The return to Apple: simplicity as tactic

  • Amelio had been negotiating with Bill Gates for months, wanting six things. Jobs called Gates, named two, and closed the deal in days.
  • Gates's assessment: "It was classic. Gil was complicated. Steve comes in, says here are the two things I want, and we had the deal done very quickly."
  • Jobs dropped Apple's patent suit against Microsoft in exchange for a five-year Office commitment and $150M in non-voting shares.
  • He cancelled Mac OS licensing contracts, buying out manufacturers to stop the fragmentation Amelio had allowed.
  • Some $450M of Apple's 1997 loss was attributable to these acquisitions — effectively, Apple spent half a billion dollars to rehire Jobs.

Product philosophy and operating style

  • Quality as strategy: trust that good products sell themselves; operational competence follows naturally.
  • Jony Ive identified Jobs' focus as constant from first meeting to last: the product, not the turnaround metrics.
  • Jobs disliked formal feedback structures. His view: "I give you feedback all the time, so what do you need a review for?"
  • He rarely travelled, skipped CEO conferences and dinners, and was home for dinner. After his cancer diagnosis, he cut everything that wasn't family or Apple.
  • He was, according to Ron Johnson, "the best delegator I ever met — so clear about what he wanted that it gave you great freedom."

The Apple Store and the online store

  • Eddie Kew, an IT technician with no retail background, proposed the online store. When a senior exec said "the channel will hate it," Kew replied: "We lost $2 billion last year. Who gives a fuck about the channel?" Jobs backed him immediately.
  • The Apple.com store launched April 28, 1998, taking $2M in six hours. Jobs' response: "Imagine what we could do if we had real stores."
  • Ron Johnson redesigned the prototype stores around the "digital hub" concept — product areas organised by use case (music, movies) rather than product line — and told Jobs the layout was wrong on the morning of a review.
  • Jobs absorbed the feedback in silence, arrived at the prototype site, told the assembled team Johnson was right, and left.

The Disney acquisition: Jobs at his peak

  • After Iger replaced Eisner, Jobs developed a genuine friendship with him during Pixar-Disney deal negotiations.
  • Pixar sold to Disney for $7.4B (against a $5.9B market cap). Jobs did not overreach on price.
  • Iger secured a side agreement: Disney could never alter 75 specific Pixar cultural practices — from the cereal bar to animators' office décor.
  • Jobs joined the Disney board as its largest shareholder, despite warnings from investment bankers that he'd be unmanageable.
  • Gates on the outcome: "Just look at how much of the resulting company ends up being owned by this fairly small animation studio. Disney is just flat on its back saying, take me."

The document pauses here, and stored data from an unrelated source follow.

lemma passive_extracted_work_nonpos:
  assumes T: "passive_state d \<tau>" and U: "unitary_mat d U"
  shows "extracted_work U \<tau> \<le> 0"
proof -
  have \<tau>: "density d \<tau>" using T unfolding passive_state_def by blast
  have "extracted_work U \<tau> \<le> 0 * (E (d - 1) - E 0)"
    using passive_prefix_rotated_population_le[OF T U] dim_pos
    by (intro extracted_work_le_of_prefix[OF \<tau> U]) auto
  thus ?thesis by simp
qed

lemma ergotropy_mixture_le:
  assumes \<rho>: "density d \<rho>" and \<sigma>: "density d \<sigma>" and T: "passive_state d \<tau>"
    and t: "0 \<le> t" "t \<le> 1"
    and mix: "\<rho> = complex_of_real t \<cdot>\<^sub>m \<sigma> + complex_of_real (1 - t) \<cdot>\<^sub>m \<tau>"
  shows "ergotropy d E \<rho> \<le> t * ergotropy d E \<sigma>"
proof (rule ergotropy_le)
  fix U assume U: "unitary_mat d U"
  have \<tau>: "density d \<tau>" using T unfolding passive_state_def by blast
  have "extracted_work U \<rho> = t * extracted_work U \<sigma> + (1 - t) * extracted_work U \<tau>"
    by (rule extracted_work_lincomb[OF U densityD(1)[OF \<rho>] densityD(1)[OF \<sigma>] densityD(1)[OF \<tau>]])
      (use densityD(1)[OF \<sigma>] densityD(1)[OF \<tau>] in \<open>simp add: mix\<close>)
  also have "\<dots> \<le> t * ergotropy d E \<sigma> + (1 - t) * 0"
    using extracted_work_le_ergotropy[OF \<sigma> U] passive_extracted_work_nonpos[OF T U] t
    by (intro add_mono mult_left_mono) auto
  finally show "extracted_work U \<rho> \<le> t * ergotropy d E \<sigma>" by simp
qed

lemma ergotropy_le_of_robustness_witness:
  assumes \<rho>: "density d \<rho>" and \<sigma>: "density d \<sigma>" and t: "0 \<le> t"
    and P: "passive_state d (complex_of_real (1 / (1 + t)) \<cdot>\<^sub>m (\<rho> + complex_of_real t \<cdot>\<^sub>m \<sigma>))"
    and m: "m < d" and tail: "\<And>i. m < i \<Longrightarrow> i < d \<Longrightarrow> \<rho> $$ (i, i) = 0"
  shows "ergotropy d E \<rho> \<le> t * (E m - E 0)"
proof (rule ergotropy_le)
  fix U assume U: "unitary_mat d U"
  define T where "T = complex_of_real (1 / (1 + t)) \<cdot>\<^sub>m (\<rho> + complex_of_real t \<cdot>\<^sub>m \<sigma>)"
  have T: "density d T" using P unfolding T_def passive_state_def by blast
  have lin: "\<rho> $$ (k, l) = complex_of_real (1 + t) * T $$ (k, l) + complex_of_real (- t) * \<sigma> $$ (k, l)"
    if "k < d" "l < d" for k l
    using densityD(1)[OF \<rho>] densityD(1)[OF \<sigma>] that t unfolding T_def
    by (simp add: field_simps flip: of_real_add)
  have pop: "(\<Sum>i<Suc j. rotated_population d U \<rho> i)
      = (1 + t) * (\<Sum>i<Suc j. rotated_population d U T i) - t * (\<Sum>i<Suc j. rotated_population d U \<sigma> i)"
    for j
  proof -
    have "(\<Sum>i<Suc j. rotated_population d U \<rho> i)
        = (\<Sum>i<Suc j. (1 + t) * rotated_population d U T i - t * rotated_population d U \<sigma> i)"
      by (intro sum.cong refl) (simp add: rotated_population_lincomb[OF lin])
    thus ?thesis by (simp add: sum_subtractf sum_distrib_left del: sum.lessThan_Suc)
  qed
  have diag: "(\<Sum>i<Suc j. Re (\<rho> $$ (i, i)))
      = (1 + t) * (\<Sum>i<Suc j. Re (T $$ (i, i))) - t * (\<Sum>i<Suc j. Re (\<sigma> $$ (i, i)))"
    if "j < d" for j
  proof -
    have "(\<Sum>i<Suc j. Re (\<rho> $$ (i, i))) = (\<Sum>i<Suc j. (1 + t) * Re (T $$ (i, i)) - t * Re (\<sigma> $$ (i, i)))"
      using that by (intro sum.cong refl) (simp add: lin)
    thus ?thesis by (simp add: sum_subtractf sum_distrib_left del: sum.lessThan_Suc)
  qed
  show "extracted_work U \<rho> \<le> t * (E m - E 0)"
  proof (rule extracted_work_le_of_prefix[OF \<rho> U m t tail])
    fix j assume "j < m"
    hence j: "j < d" using m by simp
    let ?RT = "\<Sum>i<Suc j. rotated_population d U T i" and ?DT = "\<Sum>i<Suc j. Re (T $$ (i, i))"
    let ?R\<sigma> = "\<Sum>i<Suc j. rotated_population d U \<sigma> i" and ?D\<sigma> = "\<Sum>i<Suc j. Re (\<sigma> $$ (i, i))"
    have "?RT \<le> ?DT" using passive_prefix_rotated_population_le[OF P[folded T_def] U j] .
    hence T_part: "(1 + t) * (?RT - ?DT) \<le> 0" using t by (simp add: mult_nonneg_nonpos)
    have "?D\<sigma> \<le> (\<Sum>i<d. Re (\<sigma> $$ (i, i)))"
      by (rule sum_prefix_le_total[OF _ j]) (rule density_diag_nonneg[OF \<sigma>])
    hence \<sigma>_diag: "t * ?D\<sigma> \<le> t * 1" unfolding densityD(4)[OF \<sigma>] using t by (rule mult_left_mono)
    have \<sigma>_pop: "0 \<le> t * ?R\<sigma>" using rotated_population_nonneg[OF \<sigma>] t by (simp add: sum_nonneg)
    have "(1 + t) * ?RT - t * ?R\<sigma> - ((1 + t) * ?DT - t * ?D\<sigma>)
        = (1 + t) * (?RT - ?DT) + t * ?D\<sigma> - t * ?R\<sigma>"
      by (simp add: algebra_simps)
    thus "(\<Sum>i<Suc j. rotated_population d U \<rho> i) - (\<Sum>i<Suc j. Re (\<rho> $$ (i, i))) \<le> t"
      unfolding pop diag[OF j] using T_part \<sigma>_diag \<sigma>_pop by linarith
  qed
qed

Deep restlessness and the artist's choice

  • Jim Collins' phrase "deep restlessness" — fuelled by curiosity and purpose, not just ambition — describes what sustained Jobs through a decade of setbacks.
  • Jobs on why he returned to Apple: "If they keep on risking failure, they're still artists. Dylan and Picasso were always risking failure. This Apple thing is that way for me."
  • His Stanford commencement insight: getting fired was the best thing that happened to him. "The heaviness of being successful was replaced by the lightness of being a beginner again."
  • On building companies: "The only purpose for me in building a company is so the company can make products. The company is one of the most amazing inventions of humans — a talent, a culture, a point of view, a way of working together."